*** Opening RECORDED INFORMATION ***
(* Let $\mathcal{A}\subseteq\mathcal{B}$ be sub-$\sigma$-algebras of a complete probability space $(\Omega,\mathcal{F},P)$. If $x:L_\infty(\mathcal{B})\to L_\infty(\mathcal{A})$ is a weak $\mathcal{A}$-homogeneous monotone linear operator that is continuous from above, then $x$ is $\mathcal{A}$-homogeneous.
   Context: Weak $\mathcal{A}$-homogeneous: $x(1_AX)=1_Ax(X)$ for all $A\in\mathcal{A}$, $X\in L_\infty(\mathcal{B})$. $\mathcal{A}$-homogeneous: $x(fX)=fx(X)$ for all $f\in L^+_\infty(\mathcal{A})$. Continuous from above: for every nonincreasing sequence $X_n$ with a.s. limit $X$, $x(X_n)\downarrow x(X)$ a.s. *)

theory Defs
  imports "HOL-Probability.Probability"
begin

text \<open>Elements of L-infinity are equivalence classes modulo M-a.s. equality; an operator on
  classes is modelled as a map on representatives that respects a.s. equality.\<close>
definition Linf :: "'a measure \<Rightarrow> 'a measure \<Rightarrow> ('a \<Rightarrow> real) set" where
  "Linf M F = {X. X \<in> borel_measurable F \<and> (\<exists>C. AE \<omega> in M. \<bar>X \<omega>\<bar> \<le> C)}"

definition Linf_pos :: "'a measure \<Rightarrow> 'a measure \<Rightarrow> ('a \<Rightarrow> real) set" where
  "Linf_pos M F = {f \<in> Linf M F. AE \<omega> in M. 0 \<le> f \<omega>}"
*** Closing RECORDED INFORMATION ***
*** Opening RECORDED INFORMATION ***
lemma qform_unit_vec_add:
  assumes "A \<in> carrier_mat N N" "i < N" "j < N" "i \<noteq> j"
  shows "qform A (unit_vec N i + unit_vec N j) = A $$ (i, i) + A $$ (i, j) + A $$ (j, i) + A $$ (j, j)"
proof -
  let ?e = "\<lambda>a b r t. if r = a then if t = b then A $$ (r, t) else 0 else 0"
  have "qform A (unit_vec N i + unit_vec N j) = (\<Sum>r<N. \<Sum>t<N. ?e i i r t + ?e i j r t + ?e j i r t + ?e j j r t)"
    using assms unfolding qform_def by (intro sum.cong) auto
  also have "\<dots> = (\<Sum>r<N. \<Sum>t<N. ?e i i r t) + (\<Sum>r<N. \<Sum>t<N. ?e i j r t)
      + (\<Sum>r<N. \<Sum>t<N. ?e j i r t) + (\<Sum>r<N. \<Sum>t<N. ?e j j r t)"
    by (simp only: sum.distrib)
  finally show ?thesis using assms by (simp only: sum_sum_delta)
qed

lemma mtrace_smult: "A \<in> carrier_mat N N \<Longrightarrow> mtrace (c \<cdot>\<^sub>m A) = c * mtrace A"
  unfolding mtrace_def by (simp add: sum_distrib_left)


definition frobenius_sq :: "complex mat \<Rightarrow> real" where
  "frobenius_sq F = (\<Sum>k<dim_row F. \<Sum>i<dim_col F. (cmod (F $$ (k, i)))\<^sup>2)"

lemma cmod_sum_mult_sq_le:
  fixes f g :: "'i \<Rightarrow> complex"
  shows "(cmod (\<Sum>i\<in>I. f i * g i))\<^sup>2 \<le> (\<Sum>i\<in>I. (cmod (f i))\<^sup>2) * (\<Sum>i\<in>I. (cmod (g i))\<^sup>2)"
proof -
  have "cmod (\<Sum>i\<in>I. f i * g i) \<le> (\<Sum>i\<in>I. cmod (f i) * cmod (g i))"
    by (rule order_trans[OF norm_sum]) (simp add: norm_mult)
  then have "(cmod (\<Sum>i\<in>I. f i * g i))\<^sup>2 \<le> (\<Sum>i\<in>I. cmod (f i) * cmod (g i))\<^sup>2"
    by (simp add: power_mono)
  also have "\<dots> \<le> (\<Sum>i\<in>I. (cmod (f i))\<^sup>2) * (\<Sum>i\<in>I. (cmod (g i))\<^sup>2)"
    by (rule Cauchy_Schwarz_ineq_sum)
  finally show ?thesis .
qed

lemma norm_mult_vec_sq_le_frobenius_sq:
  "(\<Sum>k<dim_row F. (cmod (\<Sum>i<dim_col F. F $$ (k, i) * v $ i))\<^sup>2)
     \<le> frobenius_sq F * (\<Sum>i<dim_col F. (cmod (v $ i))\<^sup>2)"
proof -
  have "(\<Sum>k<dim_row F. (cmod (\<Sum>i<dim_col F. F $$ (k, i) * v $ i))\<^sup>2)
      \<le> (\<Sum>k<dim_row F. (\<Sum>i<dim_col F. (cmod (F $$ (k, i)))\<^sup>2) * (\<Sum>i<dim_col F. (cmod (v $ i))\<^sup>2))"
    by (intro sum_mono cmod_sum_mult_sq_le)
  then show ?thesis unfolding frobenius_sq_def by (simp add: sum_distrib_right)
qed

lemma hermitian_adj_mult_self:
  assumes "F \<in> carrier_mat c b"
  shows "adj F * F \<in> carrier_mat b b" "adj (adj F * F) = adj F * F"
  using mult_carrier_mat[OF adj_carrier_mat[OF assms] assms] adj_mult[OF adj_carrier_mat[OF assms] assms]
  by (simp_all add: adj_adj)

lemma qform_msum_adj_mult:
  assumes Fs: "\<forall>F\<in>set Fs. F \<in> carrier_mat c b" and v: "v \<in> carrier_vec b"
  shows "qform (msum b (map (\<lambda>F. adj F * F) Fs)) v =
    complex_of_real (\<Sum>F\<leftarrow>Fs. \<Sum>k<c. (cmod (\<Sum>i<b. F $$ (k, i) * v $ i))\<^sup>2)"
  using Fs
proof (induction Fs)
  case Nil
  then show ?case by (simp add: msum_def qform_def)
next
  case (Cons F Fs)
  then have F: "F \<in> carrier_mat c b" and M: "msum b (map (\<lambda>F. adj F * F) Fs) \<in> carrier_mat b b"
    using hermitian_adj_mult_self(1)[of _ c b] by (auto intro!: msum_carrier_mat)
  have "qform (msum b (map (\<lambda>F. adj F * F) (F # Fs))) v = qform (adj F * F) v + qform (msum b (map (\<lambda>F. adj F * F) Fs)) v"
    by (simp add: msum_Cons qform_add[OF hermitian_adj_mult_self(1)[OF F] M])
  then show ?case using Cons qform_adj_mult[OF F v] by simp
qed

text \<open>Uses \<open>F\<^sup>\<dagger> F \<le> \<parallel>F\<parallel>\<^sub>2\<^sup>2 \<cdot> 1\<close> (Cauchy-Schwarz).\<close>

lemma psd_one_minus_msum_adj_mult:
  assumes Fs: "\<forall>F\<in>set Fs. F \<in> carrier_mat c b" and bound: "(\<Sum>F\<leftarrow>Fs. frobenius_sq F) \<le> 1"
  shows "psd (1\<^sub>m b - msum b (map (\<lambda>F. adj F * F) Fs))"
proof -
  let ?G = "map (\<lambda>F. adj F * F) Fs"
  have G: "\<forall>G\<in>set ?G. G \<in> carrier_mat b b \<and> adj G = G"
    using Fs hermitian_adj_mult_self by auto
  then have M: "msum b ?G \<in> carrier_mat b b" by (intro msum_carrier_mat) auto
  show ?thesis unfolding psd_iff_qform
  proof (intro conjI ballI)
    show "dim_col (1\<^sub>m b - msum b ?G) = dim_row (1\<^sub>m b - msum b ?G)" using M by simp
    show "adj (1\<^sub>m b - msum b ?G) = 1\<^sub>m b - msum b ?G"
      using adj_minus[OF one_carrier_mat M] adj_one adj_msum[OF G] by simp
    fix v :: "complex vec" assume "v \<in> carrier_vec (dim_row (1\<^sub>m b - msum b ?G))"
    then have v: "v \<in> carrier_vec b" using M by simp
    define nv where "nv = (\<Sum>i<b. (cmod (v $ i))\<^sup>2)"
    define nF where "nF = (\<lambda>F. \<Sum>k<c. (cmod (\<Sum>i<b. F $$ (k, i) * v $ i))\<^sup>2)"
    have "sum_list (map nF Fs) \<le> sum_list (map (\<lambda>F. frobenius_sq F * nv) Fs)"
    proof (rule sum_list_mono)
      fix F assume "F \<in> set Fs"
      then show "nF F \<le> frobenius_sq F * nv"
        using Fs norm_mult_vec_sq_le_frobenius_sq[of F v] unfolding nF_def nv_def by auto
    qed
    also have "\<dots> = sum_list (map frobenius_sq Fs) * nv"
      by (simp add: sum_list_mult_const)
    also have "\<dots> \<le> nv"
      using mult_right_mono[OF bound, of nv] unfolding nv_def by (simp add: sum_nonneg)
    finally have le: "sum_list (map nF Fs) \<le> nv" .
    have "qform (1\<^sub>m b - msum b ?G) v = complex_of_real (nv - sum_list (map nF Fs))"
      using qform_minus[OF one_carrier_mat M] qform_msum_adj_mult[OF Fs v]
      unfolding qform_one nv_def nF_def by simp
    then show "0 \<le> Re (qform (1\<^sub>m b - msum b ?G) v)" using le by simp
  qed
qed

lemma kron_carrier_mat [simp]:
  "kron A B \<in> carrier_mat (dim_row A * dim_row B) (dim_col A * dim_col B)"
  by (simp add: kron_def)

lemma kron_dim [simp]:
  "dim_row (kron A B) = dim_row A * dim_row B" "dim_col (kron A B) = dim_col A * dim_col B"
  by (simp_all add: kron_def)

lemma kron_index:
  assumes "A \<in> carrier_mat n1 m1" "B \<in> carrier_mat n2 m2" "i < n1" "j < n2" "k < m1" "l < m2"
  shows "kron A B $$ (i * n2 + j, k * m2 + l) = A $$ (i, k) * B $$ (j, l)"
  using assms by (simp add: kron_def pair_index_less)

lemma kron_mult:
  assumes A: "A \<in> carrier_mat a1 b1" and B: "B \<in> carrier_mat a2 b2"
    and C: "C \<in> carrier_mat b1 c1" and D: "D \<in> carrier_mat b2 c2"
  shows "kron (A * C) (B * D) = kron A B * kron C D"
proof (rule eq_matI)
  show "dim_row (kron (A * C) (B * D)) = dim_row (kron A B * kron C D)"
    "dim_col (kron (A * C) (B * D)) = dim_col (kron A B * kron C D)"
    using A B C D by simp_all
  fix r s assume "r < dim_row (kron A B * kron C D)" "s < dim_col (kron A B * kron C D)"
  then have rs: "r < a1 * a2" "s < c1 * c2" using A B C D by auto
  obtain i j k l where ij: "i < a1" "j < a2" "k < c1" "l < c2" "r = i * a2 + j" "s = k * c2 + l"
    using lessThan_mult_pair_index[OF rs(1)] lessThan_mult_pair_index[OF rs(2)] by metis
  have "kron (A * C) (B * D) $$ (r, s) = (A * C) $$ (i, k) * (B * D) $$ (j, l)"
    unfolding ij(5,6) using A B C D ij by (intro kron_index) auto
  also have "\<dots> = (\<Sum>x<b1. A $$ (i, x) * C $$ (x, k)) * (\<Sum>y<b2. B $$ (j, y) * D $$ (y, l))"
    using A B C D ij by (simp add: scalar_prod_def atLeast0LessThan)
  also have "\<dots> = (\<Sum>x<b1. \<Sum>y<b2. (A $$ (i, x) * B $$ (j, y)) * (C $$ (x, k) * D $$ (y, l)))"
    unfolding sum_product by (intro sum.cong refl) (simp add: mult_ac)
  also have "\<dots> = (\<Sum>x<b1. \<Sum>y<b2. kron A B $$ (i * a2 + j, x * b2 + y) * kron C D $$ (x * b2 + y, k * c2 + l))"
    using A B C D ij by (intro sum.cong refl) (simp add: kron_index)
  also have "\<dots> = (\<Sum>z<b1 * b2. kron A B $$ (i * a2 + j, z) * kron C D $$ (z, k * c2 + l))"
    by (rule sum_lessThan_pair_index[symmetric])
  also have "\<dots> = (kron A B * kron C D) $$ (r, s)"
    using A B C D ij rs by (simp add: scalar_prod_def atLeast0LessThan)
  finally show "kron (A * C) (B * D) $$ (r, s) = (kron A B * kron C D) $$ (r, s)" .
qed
*** Closing RECORDED INFORMATION ***
AIM OF THE EXERCISE -
Look above for the line holding "proof (rule sum_list_mono)" and the line holding "sum_list (map frobenius_sq". Retype both, and every line between them, word for word and nothing else.

RESPONSE TO THE TASK -
    proof (rule sum_list_mono)
      fix F assume "F \<in> set Fs"
      then show "nF F \<le> frobenius_sq F * nv"
        using Fs norm_mult_vec_sq_le_frobenius_sq[of F v] unfolding nF_def nv_def by auto
    qed
    also have "\<dots> = sum_list (map frobenius_sq Fs) * nv"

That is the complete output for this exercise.